Response: The comic is an illustration of something called the file drawer phenomenon. There is a culture that has arisen when using hypothesis testing in statistical analysis to only appreciate rejections of the null hypothesis as meaningful results. Any results for which investigators were not able to reject the null were filed away, never to be reported. Investigators would keep trying until their p-values were lower than the significance level.

There are serious ethical considerations behind this phenomenon. Who ever said that rejecting the null hypothesis was the only way to get meaningful scientific results? There is immense benefit in knowing when there are no effects / no relationships. A very important public health example of this is the relationships between vaccination and autism risk in children. Time and time again, studies have not been able to detect any causal relationship. What would our society look like if those “null” results had been filed away, never to be reported?

Take a look at the xkcd comic here. What ethical consideration is arising here?

Response: The idea here is that many, many hypothesis tests are being conducted, which is an idea called multiple testing.
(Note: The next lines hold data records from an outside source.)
lemma weakened_derivable_dia_beside:
  assumes IH: "weakening_admissible Ac E B (fill Gr (add_mset (D A S)
      (fill (comp_ctx R (add_top (Mx + fill Gb {#Br (add_mset (D E \<Sigma>) \<Delta>) b#}) Cb))
        {#Br (add_mset (fitem A Xa) M) c#})))"
    and \<Delta>: "bracket_free B \<Delta>"
  shows "weakened_derivable Ac E B (comp_ctx Gr (add_top {#D A (finsert c S)#}
      (comp_ctx R (add_top (Mx + fill Cb {#Br M c#}) Gb)))) \<Sigma> \<Delta> b"
proof -
  let ?K = "add_top {#D A S#}
      (comp_ctx R (add_top (Mx + fill Cb {#Br (add_mset (fitem A Xa) M) c#}) Gb))"
  have "weakened_derivable Ac E B (comp_ctx Gr ?K) \<Sigma> \<Delta> b"
    using IH \<Delta> by (intro weakening_admissibleD) (simp_all add: ac_simps)
  then obtain G' \<Delta>' \<Sigma>' Y where g: "erase_ctx G' = erase_ctx (comp_ctx Gr ?K)"
      "erase_ms \<Delta>' = erase_ms \<Delta>" "\<Sigma>' |\<subseteq>| \<Sigma> |-| {|B|}"
      "der Ac (fill G' {#Br ({#D E \<Sigma>', D (neg B) Y#} + \<Delta>') b#})"
    unfolding weakened_derivable_def by blast
  obtain Gr' H1 where l1: "G' = comp_ctx Gr' H1" "erase_ctx Gr' = erase_ctx Gr"
      "erase_ctx H1 = erase_ctx ?K"
    using lift_comp_ctx[OF g(1)] by blast
  obtain N1 H2 where l2: "H1 = add_top N1 H2" "erase_ms N1 = erase_ms {#D A S#}"
      "erase_ctx H2 = erase_ctx (comp_ctx R (add_top (Mx + fill
          Cb {#Br (add_mset (fitem A Xa) M) c#}) Gb))"
    using lift_add_top[OF l1(3)] by blast
  obtain S' where l3: "N1 = {#D A S'#}" using lift_single_D l2(2) by auto
  obtain R' H3 where l4: "H2 = comp_ctx R' H3" "erase_ctx R' = erase_ctx R"
      "erase_ctx H3 = erase_ctx (add_top (Mx + fill Cb {#Br (add_mset (fitem A Xa) M) c#}) Gb)"
    using lift_comp_ctx[OF l2(3)] by blast
  obtain N3 Gb' where l5: "H3 = add_top N3 Gb'"
      "erase_ms N3 = erase_ms (Mx + fill Cb {#Br (add_mset (fitem A Xa) M) c#})"
          "erase_ctx Gb' = erase_ctx Gb"
    using lift_add_top[OF l4(3)] by blast
  obtain Mx' W where l6: "N3 = Mx' + W" "erase_ms Mx' = erase_ms Mx"
      "erase_ms W = erase_ms (fill Cb {#Br (add_mset (fitem A Xa) M) c#})"
    using lift_plus[of N3 "erase_ms Mx"] l5(2) by auto
  obtain Cb' Z where l7: "W = fill Cb' Z" "erase_ctx Cb' = erase_ctx Cb"
      "erase_ms Z = erase_ms {#Br (add_mset (fitem A Xa) M) c#}"
    using lift_fill[OF l6(3)] by blast
  obtain Xa' M' where l8: "Z = {#Br (add_mset (fitem A Xa') M') c#}" "erase_ms M' = erase_ms M"
    using lift_bracket_fitem[OF l7(3)] by blast
  let ?y = "Br ({#D E \<Sigma>', D (neg B) Y#} + \<Delta>') b"
  have "der Ac (fill Gr' (add_mset (D A S')
      (fill (comp_ctx R' (add_top (Mx' + fill Gb' {#?y#}) Cb'))
      {#Br (add_mset (fitem A Xa') M') c#})))"
    using g(4) l1(1) l2(1) l3 l4(1) l5(1) l6(1) l7(1) l8(1) by (simp add: ac_simps)
  from der.dia[OF this]
  have d: "der Ac (fill (comp_ctx Gr' (add_top {#D A (finsert c S')#}
      (comp_ctx R' (add_top (Mx' + fill Cb' {#Br M' c#}) Gb')))) {#?y#})"
    by (simp add: ac_simps)
  show ?thesis
    by (rule weakened_derivableI[OF _ g(2) g(3) d]) (simp add: l1(2) l4(2) l5(3) l6(2) l7(2) l8(2))
qed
As more and more tests are being conducted, there is a higher and higher overall chance that the null hypothesis will be rejected - because we’re just trying so many times. If the null hypothesis is in fact true, testing more and more times is going to increase the probability of making at least one type 1 error.

In this comic, we would likely be inclined to believe that the null hypothesis is true (no true association between jelly bean eating and acne). But the sheer number of times that this hypothesis was tested (20 times) means that the scientists ended up finding an association just by chance. That is, the association found for green jelly beans was quite likely a type 1 error. And in fact one null hypothesis rejection among 20 tests is exactly a 5% error rate - in other words, exactly the number of null hypothesis rejections we would expect to make if indeed the null were true (exactly the expected number of type 1 errors).